◆ **Task prompt**:
From the entries below, copy every line where the string "imports" appears.
Segment Start: Supplied records
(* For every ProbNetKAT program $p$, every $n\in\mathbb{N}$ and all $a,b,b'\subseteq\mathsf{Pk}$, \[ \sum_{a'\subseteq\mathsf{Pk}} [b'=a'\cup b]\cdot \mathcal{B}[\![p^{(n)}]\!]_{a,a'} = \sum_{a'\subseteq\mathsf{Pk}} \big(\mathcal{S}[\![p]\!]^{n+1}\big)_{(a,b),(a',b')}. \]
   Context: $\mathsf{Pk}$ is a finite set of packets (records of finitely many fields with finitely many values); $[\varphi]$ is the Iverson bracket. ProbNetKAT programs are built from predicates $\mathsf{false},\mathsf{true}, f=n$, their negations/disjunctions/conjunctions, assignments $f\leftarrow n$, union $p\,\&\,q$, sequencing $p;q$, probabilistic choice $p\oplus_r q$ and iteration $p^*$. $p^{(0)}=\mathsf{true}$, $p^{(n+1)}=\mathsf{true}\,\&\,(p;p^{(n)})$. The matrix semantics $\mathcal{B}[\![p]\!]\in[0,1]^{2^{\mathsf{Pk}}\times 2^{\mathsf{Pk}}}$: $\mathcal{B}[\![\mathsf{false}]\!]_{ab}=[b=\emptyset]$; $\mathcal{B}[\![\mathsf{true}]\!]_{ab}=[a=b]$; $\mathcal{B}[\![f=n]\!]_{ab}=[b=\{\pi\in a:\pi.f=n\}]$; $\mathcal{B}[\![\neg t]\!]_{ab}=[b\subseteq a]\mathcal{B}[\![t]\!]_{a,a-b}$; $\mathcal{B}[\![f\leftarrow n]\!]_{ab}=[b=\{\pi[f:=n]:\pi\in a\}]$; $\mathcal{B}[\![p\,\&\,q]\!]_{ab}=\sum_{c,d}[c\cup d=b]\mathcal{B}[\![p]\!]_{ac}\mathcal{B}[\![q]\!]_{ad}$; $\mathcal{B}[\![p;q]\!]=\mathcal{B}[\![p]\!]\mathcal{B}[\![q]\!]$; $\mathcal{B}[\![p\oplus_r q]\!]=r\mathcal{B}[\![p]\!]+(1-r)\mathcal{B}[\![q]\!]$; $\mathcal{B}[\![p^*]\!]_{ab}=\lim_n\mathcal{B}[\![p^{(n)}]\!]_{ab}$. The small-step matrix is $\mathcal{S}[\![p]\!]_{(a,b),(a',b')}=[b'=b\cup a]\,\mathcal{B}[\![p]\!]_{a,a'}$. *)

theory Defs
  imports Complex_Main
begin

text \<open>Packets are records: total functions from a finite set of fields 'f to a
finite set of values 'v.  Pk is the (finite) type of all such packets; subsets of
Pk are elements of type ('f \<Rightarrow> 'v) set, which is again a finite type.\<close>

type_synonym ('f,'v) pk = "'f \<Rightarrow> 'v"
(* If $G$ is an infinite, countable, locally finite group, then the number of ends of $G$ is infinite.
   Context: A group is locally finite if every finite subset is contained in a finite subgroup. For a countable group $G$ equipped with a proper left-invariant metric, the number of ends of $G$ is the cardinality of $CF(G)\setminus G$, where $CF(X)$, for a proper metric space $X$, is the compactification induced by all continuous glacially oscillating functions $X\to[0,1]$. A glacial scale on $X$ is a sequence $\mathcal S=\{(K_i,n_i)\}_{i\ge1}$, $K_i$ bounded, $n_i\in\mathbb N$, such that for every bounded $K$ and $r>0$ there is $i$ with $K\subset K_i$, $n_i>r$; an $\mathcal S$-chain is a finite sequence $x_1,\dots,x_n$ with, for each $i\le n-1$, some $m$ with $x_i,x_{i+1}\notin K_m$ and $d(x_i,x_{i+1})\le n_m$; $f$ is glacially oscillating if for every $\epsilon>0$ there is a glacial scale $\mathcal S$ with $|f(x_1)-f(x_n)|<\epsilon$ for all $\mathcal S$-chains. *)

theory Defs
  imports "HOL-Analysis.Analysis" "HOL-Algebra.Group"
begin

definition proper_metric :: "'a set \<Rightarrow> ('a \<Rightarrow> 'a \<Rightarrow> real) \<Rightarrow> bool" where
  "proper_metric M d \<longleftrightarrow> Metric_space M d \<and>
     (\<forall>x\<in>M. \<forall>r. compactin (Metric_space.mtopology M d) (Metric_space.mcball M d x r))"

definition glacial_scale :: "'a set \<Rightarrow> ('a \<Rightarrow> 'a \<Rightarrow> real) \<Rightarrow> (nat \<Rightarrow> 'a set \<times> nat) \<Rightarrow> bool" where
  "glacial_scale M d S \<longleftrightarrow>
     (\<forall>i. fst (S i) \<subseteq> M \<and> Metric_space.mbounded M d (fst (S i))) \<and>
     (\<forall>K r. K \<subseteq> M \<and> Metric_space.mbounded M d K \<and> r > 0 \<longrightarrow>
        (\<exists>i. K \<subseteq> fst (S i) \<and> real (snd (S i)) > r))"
Segment End: Supplied records
◆ **Result for this task**:
  imports Complex_Main
  imports "HOL-Analysis.Analysis" "HOL-Algebra.Group"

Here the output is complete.